Income Statement and Balance Sheet Overview
Total interest and dividend income increased $110,000, or 4.1%, to $2.8 million for the second quarter of 2019 compared to $2.7 million for the same quarter in the prior year. Excluding prior year one-time adjustments (1), total interest and dividend income increased $227,000, or 8.4%. Average interest-earning assets decreased $207,000, or 0.08%, to $245.9 million for the quarter ended June 30, 2019 compared to $246.1 million for the quarter ended June 30, 2018, and the weighted average yield on interest-earning assets increased 18 basis points for the same period. Excluding the prior year one-time adjustments (1), the weighted average yield increased 37 basis points quarter to quarter.
Total interest expense increased $266,000, or 58.1%, to $724,000 for the quarter ended June 30, 2019 compared to $458,000 for the quarter ended June 30, 2018. Average interest-bearing liabilities decreased $1.5 million, or 0.8%, to $177.6 million for the quarter ended June 30, 2019 from $179.1 million for the quarter ended June 30, 2018. The rate paid on interest-bearing liabilities increased 61 basis points to 1.63% for the quarter ended June 30, 2019 compared to 1.02% for the quarter ended June 30, 2018. The increase in average cost of funds was primarily the result of rising interest rates and competition within our market.
Net interest margin was 3.38% for the three months ended June 30, 2019, compared to the adjusted 3.41% for the three months ended June 30, 2018, a decrease of three basis points after backing out the nonaccrual interest in the prior year period(1).
The loan loss provision was $85,000 for the quarter ended June 30, 2019 compared to $189,000 the quarter ended June 30, 2018. At June 30, 2019, our allowance for loan loss was $2.3 million, or 1.15%, of total loans. Management believes the allowance is adequate for future probable losses.
Noninterest income increased $110,000, or 68.3% to $271,000 for the three months ended June 30, 2019 compared to $161,000 for the three months ended June 30, 2018. The increase was due primarily to increased gains from sales of loans to the secondary market.
Noninterest expense decreased $19,000 to $1.8 million for the three months ended June 30, 2019 compared to $1.8 million for the three months ended June 30, 2018. This was primarily due to a decrease of $108,000, or 9.5%, in salaries and employee benefits due to staffing efficiencies and vacancies, partially offset by increases in technology and professional fees.

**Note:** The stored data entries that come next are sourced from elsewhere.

(* Let $P$ be an NL poset on $X_n$ whose twin classes $\alpha_1,\ldots,\alpha_r$ all have the same size $m\ge1$. Then $H=\mathrm{Aut}(P_\equiv)$, where $H=\{\psi\in\mathrm{Aut}(P_\equiv): |\psi(\alpha)|=|\alpha| \text{ for every twin class }\alpha\}$. Moreover, $\mathrm{Aut}(P)\cong\mathrm{Aut}(P_\equiv)$ if and only if $m=1$, i.e., every twin class is a singleton.
   Context: Let $X_n=\{0,1,\ldots,n-1\}$. A naturally labeled (NL) poset on $X_n$ is a partial order $\preceq$ on $X_n$ such that $x\preceq y$ implies $x\le y$ in the usual integer order. $\mathrm{Aut}(P)$ is the group of bijections $\sigma$ of $X_n$ with $x\preceq y\iff\sigma(x)\preceq\sigma(y)$. For $x\in X_n$, $D(x)=\{z: z\prec x\}$, $U(x)=\{z: x\prec z\}$; $x,y$ are twins if $D(x)=D(y)$ and $U(x)=U(y)$, and the equivalence classes are the twin classes. The twin poset $P_\equiv$ is the set of twin classes ordered by $\alpha\preceq_\equiv\beta$ iff $x\preceq y$ for (any) $x\in\alpha$, $y\in\beta$; $\mathrm{Aut}(P_\equiv)$ is its automorphism group. *)

theory Defs
  imports "HOL-Algebra.Algebra"
begin

text \<open>A naturally labeled poset on X_n = {0..<n}, given by its (reflexive) order relation R.\<close>
definition nl_poset :: "nat \<Rightarrow> (nat \<Rightarrow> nat \<Rightarrow> bool) \<Rightarrow> bool" where
  "nl_poset n R \<longleftrightarrow>
     (\<forall>x y. R x y \<longrightarrow> x < n \<and> y < n) \<and>
     (\<forall>x<n. R x x) \<and>
     (\<forall>x y. R x y \<and> R y x \<longrightarrow> x = y) \<and>
     (\<forall>x y z. R x y \<and> R y z \<longrightarrow> R x z) \<and>
     (\<forall>x y. R x y \<longrightarrow> x \<le> y)"

definition down_set :: "nat \<Rightarrow> (nat \<Rightarrow> nat \<Rightarrow> bool) \<Rightarrow> nat \<Rightarrow> nat set" where
  "down_set n R x = {z \<in> {0..<n}. R z x \<and> z \<noteq> x}"

definition up_set :: "nat \<Rightarrow> (nat \<Rightarrow> nat \<Rightarrow> bool) \<Rightarrow> nat \<Rightarrow> nat set" where
  "up_set n R x = {z \<in> {0..<n}. R x z \<and> z \<noteq> x}"

definition twins :: "nat \<Rightarrow> (nat \<Rightarrow> nat \<Rightarrow> bool) \<Rightarrow> nat \<Rightarrow> nat \<Rightarrow> bool" where
  "twins n R x y \<longleftrightarrow> down_set n R x = down_set n R y \<and> up_set n R x = up_set n R y"

definition twin_classes :: "nat \<Rightarrow> (nat \<Rightarrow> nat \<Rightarrow> bool) \<Rightarrow> nat set set" where
  "twin_classes n R = (\<lambda>x. {y \<in> {0..<n}. twins n R x y}) ` {0..<n}"

text \<open>Order of the twin poset: alpha below beta iff x below y for some (equivalently any) x in alpha, y in beta.\<close>
definition twin_le :: "(nat \<Rightarrow> nat \<Rightarrow> bool) \<Rightarrow> nat set \<Rightarrow> nat set \<Rightarrow> bool" where
  "twin_le R \<alpha> \<beta> \<longleftrightarrow> (\<exists>x\<in>\<alpha>. \<exists>y\<in>\<beta>. R x y)"

definition aut_group :: "'a set \<Rightarrow> ('a \<Rightarrow> 'a \<Rightarrow> bool) \<Rightarrow> ('a \<Rightarrow> 'a) monoid" where
  "aut_group S R = (BijGroup S)\<lparr>carrier := {f \<in> Bij S. \<forall>x\<in>S. \<forall>y\<in>S. R x y \<longleftrightarrow> R (f x) (f y)}\<rparr>"

definition poset_aut_group :: "nat \<Rightarrow> (nat \<Rightarrow> nat \<Rightarrow> bool) \<Rightarrow> (nat \<Rightarrow> nat) monoid" where
  "poset_aut_group n R = aut_group {0..<n} R"

definition twin_aut_group :: "nat \<Rightarrow> (nat \<Rightarrow> nat \<Rightarrow> bool) \<Rightarrow> (nat set \<Rightarrow> nat set) monoid" where
  "twin_aut_group n R = aut_group (twin_classes n R) (twin_le R)"

definition size_pres_auts :: "nat \<Rightarrow> (nat \<Rightarrow> nat \<Rightarrow> bool) \<Rightarrow> (nat set \<Rightarrow> nat set) set" where
  "size_pres_auts n R = {\<psi> \<in> carrier (twin_aut_group n R). \<forall>\<alpha>\<in>twin_classes n R. card (\<psi> \<alpha>) = card \<alpha>}"

end

theory Submission
  imports Defs "HOL-Library.Disjoint_Sets"
begin

(* Sending an automorphism f of P to the map alpha |-> f ` alpha on twin classes gives a
   homomorphism twin_proj from Aut(P) to the automorphism group of the twin poset, and its image
   is exactly H: twins are incomparable and the order between non-twins only depends on their
   twin classes, so for psi in H any permutation moving each class alpha bijectively onto psi alpha
   is an automorphism of P over psi. If all classes have the same size, H is the whole group.
   A transposition of two twins lies in the kernel, so twin_proj is injective iff all classes
   are singletons; as the groups are finite and twin_proj is onto, they are isomorphic iff
   twin_proj is injective. *)

lemma carrier_aut_group:
  "carrier (aut_group S R) = {f \<in> Bij S. \<forall>x\<in>S. \<forall>y\<in>S. R x y \<longleftrightarrow> R (f x) (f y)}"
  by (simp add: aut_group_def)

lemma mult_aut_group:
  "f \<in> Bij S \<Longrightarrow> g \<in> Bij S \<Longrightarrow> f \<otimes>\<^bsub>aut_group S R\<^esub> g = compose S f g"
  by (simp add: aut_group_def BijGroup_def)

lemma id_in_aut_group: "(\<lambda>x\<in>S. x) \<in> carrier (aut_group S R)"
  by (simp add: carrier_aut_group id_Bij)

lemma finite_carrier_aut_group:
  assumes "finite S"
  shows "finite (carrier (aut_group S R))"
proof (rule finite_subset)
  show "carrier (aut_group S R) \<subseteq> S \<rightarrow>\<^sub>E S"
    by (auto simp: carrier_aut_group PiE_def Bij_imp_extensional dest: Bij_imp_funcset)
  show "finite (S \<rightarrow>\<^sub>E S)"
    using assms by (simp add: finite_PiE)
qed

lemma bij_image_strict_predecessors:
  assumes f: "bij_betw f S S" and Q: "\<forall>x\<in>S. \<forall>y\<in>S. Q x y \<longleftrightarrow> Q (f x) (f y)" and x: "x \<in> S"
  shows "f ` {z \<in> S. Q z x \<and> z \<noteq> x} = {z \<in> S. Q z (f x) \<and> z \<noteq> f x}"
proof -
  have "f ` {z \<in> S. Q z x \<and> z \<noteq> x} = {w \<in> f ` S. \<exists>z\<in>S. w = f z \<and> Q z x \<and> z \<noteq> x}"
    by blast
  also have "\<dots> = {w \<in> S. Q w (f x) \<and> w \<noteq> f x}"
    using f Q x by (auto simp: bij_betw_def inj_on_eq_iff)
  finally show ?thesis .
qed

lemma partition_on_lift_bij:
  assumes P: "partition_on A P" and "finite A" and \<psi>: "bij_betw \<psi> P P"
    and card: "\<And>B. B \<in> P \<Longrightarrow> card (\<psi> B) = card B"
  obtains g where "g \<in> Bij A" and "\<And>B. B \<in> P \<Longrightarrow> g ` B = \<psi> B"
proof -
  have fin: "finite B" if "B \<in> P" for B
    using P \<open>finite A\<close> that by (metis Union_upper finite_subset partition_onD1)
  have "\<forall>B\<in>P. \<exists>h. bij_betw h B (\<psi> B)"
    using fin card \<psi> by (metis bij_betwE finite_same_card_bij)
  then obtain h where h: "\<And>B. B \<in> P \<Longrightarrow> bij_betw (h B) B (\<psi> B)"
    by metis
  define block where "block x = (THE B. B \<in> P \<and> x \<in> B)" for x
  have block: "block x = B" if "B \<in> P" "x \<in> B" for x B
    unfolding block_def
    by (rule the_equality) (use P that in \<open>auto simp: partition_on_def disjoint_def\<close>)
  define g where "g = (\<lambda>x\<in>A. h (block x) x)"
  have g_block: "bij_betw g B (\<psi> B)" if B: "B \<in> P" for B
  proof -
    have "B \<subseteq> A"
      using P B by (auto simp: partition_on_def)
    then have "\<And>x. x \<in> B \<Longrightarrow> g x = h B x"
      using block[OF B] by (auto simp: g_def)
    then show ?thesis
      using h[OF B] bij_betw_cong by blast
  qed
  have "disjoint_family_on \<psi> P"
    using \<psi> P by (intro disjoint_image_disjoint_family_on)
      (auto simp: bij_betw_def partition_on_def)
  then have "bij_betw g (\<Union>B\<in>P. B) (\<Union>B\<in>P. \<psi> B)"
    using g_block by (rule bij_betw_UNION_disjoint)
  then have "bij_betw g A A"
    using P \<psi> by (simp add: partition_on_def bij_betw_def)
  then have "g \<in> Bij A"
    by (simp add: Bij_def g_def)
  then show ?thesis
    using that g_block bij_betw_imp_surj_on by blast
qed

Total assets decreased $7.6 million to $258.3 million at June 30, 2019 from $265.9 million at June 30, 2018. This decrease was primarily due to the decrease in available for sale securities of $11.7 million, partially offset by increases in cash and cash equivalents of $3.0 million and in loans held for sale of $2.0 million.
Nonaccrual loans increased to $1.1 million, or 0.57% of total loans, at June 30, 2019, from $968,000, or 0.50% of total loans, at June 30, 2018. All but one nonaccrual loan is contractually current. Non-performing assets increased to $1.2 million, or 0.46% of total assets, at June 30, 2019 compared to $968,000, or 0.36% of total assets, at June 30, 2018.
The following table presents the estimated regulatory capital ratios for the Company, the Bank, and the minimum requirements for the Bank at June 30, 2019.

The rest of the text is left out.